__Exercise requirements__: Filter this data down to the lines that hold "moreover", and copy them.

Stored data entries
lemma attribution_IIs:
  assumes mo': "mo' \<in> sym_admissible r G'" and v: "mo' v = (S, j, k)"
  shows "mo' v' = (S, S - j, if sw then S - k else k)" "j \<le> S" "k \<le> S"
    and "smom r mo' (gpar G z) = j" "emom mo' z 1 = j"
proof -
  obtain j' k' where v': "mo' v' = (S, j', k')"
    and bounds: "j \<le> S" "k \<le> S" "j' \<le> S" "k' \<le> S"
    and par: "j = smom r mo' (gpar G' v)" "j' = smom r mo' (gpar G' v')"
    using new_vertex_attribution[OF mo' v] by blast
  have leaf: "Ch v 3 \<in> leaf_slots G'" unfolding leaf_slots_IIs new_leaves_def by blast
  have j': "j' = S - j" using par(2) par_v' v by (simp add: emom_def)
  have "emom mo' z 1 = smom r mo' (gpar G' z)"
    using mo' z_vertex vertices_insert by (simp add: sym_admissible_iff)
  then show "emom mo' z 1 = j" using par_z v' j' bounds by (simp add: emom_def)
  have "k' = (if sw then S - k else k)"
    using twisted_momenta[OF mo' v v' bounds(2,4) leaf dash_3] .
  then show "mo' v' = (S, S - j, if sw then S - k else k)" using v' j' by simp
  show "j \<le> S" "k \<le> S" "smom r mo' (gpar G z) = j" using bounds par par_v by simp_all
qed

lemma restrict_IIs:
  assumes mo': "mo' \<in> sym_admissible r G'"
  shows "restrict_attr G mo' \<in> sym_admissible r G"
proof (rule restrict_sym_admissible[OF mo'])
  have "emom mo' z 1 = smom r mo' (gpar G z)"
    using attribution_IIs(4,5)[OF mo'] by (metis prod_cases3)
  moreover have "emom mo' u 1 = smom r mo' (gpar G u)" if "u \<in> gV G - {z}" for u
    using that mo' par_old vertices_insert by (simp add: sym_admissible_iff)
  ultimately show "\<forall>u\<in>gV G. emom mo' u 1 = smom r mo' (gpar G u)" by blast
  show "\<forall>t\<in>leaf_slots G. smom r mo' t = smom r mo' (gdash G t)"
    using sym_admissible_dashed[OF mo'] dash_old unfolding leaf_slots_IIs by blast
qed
---
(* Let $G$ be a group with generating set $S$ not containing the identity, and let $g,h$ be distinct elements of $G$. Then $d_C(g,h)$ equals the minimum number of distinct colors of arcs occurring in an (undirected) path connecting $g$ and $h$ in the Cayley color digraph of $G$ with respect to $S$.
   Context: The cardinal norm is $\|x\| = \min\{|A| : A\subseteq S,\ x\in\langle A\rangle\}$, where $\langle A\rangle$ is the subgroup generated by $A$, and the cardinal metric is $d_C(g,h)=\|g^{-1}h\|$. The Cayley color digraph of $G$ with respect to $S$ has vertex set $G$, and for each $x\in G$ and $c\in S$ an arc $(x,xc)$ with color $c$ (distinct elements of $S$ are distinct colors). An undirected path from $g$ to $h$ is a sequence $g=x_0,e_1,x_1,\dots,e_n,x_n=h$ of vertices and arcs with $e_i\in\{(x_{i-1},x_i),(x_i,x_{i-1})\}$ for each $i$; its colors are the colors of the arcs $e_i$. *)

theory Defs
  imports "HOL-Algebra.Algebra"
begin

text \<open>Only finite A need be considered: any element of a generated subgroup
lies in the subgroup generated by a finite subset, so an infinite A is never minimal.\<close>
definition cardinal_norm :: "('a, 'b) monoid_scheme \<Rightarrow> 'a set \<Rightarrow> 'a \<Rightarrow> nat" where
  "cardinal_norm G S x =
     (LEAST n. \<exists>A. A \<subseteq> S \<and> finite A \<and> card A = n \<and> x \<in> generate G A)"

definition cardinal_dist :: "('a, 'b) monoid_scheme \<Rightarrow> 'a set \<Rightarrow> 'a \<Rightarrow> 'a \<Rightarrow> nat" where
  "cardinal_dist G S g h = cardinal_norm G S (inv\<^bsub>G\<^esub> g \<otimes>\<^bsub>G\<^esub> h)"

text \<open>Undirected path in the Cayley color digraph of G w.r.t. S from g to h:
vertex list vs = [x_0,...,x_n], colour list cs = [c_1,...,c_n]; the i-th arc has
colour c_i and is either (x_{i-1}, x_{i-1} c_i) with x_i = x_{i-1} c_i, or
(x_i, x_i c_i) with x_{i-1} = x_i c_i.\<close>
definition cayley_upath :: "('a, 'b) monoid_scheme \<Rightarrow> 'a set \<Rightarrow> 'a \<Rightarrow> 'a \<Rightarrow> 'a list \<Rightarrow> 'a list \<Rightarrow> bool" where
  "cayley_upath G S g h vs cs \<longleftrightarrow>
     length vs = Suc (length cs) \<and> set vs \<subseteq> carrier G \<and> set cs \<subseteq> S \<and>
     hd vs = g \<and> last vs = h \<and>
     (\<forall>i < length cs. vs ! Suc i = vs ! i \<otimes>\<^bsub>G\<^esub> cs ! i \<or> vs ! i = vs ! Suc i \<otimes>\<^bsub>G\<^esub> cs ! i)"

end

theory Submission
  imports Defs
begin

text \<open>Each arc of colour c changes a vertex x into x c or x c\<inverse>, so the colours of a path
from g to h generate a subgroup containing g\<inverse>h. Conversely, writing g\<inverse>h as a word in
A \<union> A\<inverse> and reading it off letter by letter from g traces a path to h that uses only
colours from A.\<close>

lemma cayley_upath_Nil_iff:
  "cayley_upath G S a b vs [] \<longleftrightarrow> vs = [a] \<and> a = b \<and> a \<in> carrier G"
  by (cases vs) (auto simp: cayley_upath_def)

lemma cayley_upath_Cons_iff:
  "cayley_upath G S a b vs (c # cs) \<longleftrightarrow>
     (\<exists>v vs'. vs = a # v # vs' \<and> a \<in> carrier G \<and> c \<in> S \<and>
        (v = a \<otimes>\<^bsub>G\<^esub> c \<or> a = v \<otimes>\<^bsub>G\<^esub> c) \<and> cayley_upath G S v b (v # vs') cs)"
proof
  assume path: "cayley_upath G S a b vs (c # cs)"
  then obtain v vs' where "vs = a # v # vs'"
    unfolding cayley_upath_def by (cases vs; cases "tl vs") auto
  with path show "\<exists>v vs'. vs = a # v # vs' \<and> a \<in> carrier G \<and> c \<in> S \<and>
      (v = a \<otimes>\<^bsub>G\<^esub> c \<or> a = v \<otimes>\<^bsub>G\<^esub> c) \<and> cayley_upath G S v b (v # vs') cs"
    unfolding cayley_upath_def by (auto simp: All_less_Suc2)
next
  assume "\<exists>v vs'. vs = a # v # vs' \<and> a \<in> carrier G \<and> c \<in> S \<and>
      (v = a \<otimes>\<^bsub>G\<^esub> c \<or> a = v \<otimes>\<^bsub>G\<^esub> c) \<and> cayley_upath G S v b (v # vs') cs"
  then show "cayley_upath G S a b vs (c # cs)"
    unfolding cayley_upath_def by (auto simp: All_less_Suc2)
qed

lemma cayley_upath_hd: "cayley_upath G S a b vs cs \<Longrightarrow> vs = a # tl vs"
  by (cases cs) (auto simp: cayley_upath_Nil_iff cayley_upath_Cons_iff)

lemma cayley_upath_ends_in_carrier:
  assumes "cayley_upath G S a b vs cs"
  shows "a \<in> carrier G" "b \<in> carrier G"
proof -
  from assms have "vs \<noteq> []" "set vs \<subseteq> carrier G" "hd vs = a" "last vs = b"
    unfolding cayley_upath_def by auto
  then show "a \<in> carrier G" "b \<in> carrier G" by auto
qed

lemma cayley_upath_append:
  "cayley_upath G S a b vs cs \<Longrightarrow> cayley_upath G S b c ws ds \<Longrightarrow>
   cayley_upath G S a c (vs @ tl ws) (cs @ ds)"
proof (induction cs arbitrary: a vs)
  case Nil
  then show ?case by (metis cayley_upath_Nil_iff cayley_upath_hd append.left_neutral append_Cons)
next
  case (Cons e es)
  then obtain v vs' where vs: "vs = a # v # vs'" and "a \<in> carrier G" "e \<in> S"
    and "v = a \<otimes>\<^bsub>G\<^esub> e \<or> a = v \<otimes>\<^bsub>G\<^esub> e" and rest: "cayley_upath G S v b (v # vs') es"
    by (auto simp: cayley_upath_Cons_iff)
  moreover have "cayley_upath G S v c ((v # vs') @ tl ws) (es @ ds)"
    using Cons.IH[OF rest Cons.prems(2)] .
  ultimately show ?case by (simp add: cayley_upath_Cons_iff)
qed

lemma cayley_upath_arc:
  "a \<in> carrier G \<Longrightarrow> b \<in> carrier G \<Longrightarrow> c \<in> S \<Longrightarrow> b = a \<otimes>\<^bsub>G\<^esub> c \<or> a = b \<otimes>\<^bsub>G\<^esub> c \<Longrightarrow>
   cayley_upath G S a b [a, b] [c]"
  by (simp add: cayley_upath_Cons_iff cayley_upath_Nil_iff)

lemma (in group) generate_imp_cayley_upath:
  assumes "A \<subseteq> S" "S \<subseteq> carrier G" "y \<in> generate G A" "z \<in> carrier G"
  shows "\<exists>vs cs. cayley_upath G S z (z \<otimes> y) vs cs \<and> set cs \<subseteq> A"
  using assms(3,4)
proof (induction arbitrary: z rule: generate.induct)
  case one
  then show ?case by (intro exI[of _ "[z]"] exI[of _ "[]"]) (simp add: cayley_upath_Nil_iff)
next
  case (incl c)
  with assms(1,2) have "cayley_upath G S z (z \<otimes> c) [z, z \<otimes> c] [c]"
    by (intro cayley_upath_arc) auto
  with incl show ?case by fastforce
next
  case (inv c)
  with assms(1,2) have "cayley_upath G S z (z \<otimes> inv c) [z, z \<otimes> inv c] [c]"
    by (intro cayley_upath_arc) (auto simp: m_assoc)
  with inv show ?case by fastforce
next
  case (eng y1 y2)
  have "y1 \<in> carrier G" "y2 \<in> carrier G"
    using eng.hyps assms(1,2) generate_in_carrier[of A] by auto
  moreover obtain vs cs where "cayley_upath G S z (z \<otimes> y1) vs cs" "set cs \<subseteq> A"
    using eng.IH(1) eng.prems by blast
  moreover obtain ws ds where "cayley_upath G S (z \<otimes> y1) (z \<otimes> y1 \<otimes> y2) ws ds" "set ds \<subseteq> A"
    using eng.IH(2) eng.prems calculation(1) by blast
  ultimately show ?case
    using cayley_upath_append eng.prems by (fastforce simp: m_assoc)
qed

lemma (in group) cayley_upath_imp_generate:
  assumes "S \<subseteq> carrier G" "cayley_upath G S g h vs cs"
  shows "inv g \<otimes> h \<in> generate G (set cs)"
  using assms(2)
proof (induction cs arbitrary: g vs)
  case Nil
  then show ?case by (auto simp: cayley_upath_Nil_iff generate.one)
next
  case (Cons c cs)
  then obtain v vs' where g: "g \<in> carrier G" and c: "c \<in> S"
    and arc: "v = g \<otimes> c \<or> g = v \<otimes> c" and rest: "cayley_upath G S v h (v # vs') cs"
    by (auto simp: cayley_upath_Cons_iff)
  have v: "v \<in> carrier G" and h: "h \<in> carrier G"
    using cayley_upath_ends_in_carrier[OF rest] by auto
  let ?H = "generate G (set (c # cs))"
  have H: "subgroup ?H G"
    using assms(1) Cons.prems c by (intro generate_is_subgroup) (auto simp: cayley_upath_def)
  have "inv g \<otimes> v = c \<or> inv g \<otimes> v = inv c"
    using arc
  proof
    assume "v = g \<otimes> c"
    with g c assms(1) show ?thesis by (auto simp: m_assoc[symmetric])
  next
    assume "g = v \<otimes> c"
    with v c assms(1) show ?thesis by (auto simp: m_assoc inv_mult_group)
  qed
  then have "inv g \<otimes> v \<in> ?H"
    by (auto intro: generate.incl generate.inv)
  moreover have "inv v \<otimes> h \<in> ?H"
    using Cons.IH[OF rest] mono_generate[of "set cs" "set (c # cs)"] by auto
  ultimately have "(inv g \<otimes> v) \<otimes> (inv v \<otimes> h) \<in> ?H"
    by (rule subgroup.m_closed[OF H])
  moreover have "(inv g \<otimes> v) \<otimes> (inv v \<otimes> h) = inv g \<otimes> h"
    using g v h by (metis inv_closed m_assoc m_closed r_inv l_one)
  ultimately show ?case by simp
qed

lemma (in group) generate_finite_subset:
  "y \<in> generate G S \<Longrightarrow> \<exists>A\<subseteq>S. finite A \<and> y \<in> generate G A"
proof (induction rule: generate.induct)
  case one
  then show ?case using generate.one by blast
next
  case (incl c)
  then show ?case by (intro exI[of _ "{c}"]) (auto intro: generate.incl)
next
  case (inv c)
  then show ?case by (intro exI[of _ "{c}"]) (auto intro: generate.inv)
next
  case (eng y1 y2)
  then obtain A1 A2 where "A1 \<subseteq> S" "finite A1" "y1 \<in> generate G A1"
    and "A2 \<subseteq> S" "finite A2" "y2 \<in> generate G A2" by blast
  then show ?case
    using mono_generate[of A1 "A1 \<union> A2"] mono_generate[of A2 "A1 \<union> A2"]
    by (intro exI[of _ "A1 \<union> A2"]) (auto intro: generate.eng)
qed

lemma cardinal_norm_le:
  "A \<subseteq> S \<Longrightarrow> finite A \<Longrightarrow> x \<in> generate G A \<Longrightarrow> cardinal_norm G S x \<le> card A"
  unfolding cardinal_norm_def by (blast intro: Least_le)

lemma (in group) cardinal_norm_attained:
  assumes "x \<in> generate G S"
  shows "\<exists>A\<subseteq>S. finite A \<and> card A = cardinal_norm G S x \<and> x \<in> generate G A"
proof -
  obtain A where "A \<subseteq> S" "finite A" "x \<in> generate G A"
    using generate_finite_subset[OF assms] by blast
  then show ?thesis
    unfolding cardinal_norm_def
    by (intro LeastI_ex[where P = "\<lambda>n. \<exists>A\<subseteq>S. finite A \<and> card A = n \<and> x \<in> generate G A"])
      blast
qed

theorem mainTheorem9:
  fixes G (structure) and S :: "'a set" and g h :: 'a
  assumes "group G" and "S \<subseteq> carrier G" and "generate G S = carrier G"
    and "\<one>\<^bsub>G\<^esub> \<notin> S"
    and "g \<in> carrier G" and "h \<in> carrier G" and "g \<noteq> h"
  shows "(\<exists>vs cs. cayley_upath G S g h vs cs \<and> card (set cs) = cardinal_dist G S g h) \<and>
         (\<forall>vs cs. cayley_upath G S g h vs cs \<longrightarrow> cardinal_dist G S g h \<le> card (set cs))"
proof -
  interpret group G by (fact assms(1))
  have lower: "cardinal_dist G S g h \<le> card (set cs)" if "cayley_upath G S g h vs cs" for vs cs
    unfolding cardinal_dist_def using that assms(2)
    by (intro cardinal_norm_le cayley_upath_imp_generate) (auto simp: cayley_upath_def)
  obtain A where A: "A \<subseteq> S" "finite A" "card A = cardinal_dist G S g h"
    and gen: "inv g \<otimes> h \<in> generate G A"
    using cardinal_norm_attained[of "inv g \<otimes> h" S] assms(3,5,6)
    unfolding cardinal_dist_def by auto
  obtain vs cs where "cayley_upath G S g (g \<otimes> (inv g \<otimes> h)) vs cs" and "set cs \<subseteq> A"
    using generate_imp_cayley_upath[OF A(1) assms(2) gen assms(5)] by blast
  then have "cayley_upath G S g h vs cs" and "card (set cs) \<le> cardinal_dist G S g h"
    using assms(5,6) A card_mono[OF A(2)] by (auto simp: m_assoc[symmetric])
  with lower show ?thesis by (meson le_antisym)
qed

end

__Result__:
  moreover have "emom mo' u 1 = smom r mo' (gpar G u)" if "u \<in> gV G - {z}" for u
  moreover have "cayley_upath G S v c ((v # vs') @ tl ws) (es @ ds)"
  moreover obtain vs cs where "cayley_upath G S z (z \<otimes> y1) vs cs" "set cs \<subseteq> A"
  moreover obtain ws ds where "cayley_upath G S (z \<otimes> y1) (z \<otimes> y1 \<otimes> y2) ws ds" "set ds \<subseteq> A"
  moreover have "inv v \<otimes> h \<in> ?H"
  moreover have "(inv g \<otimes> v) \<otimes> (inv v \<otimes> h) = inv g \<otimes> h"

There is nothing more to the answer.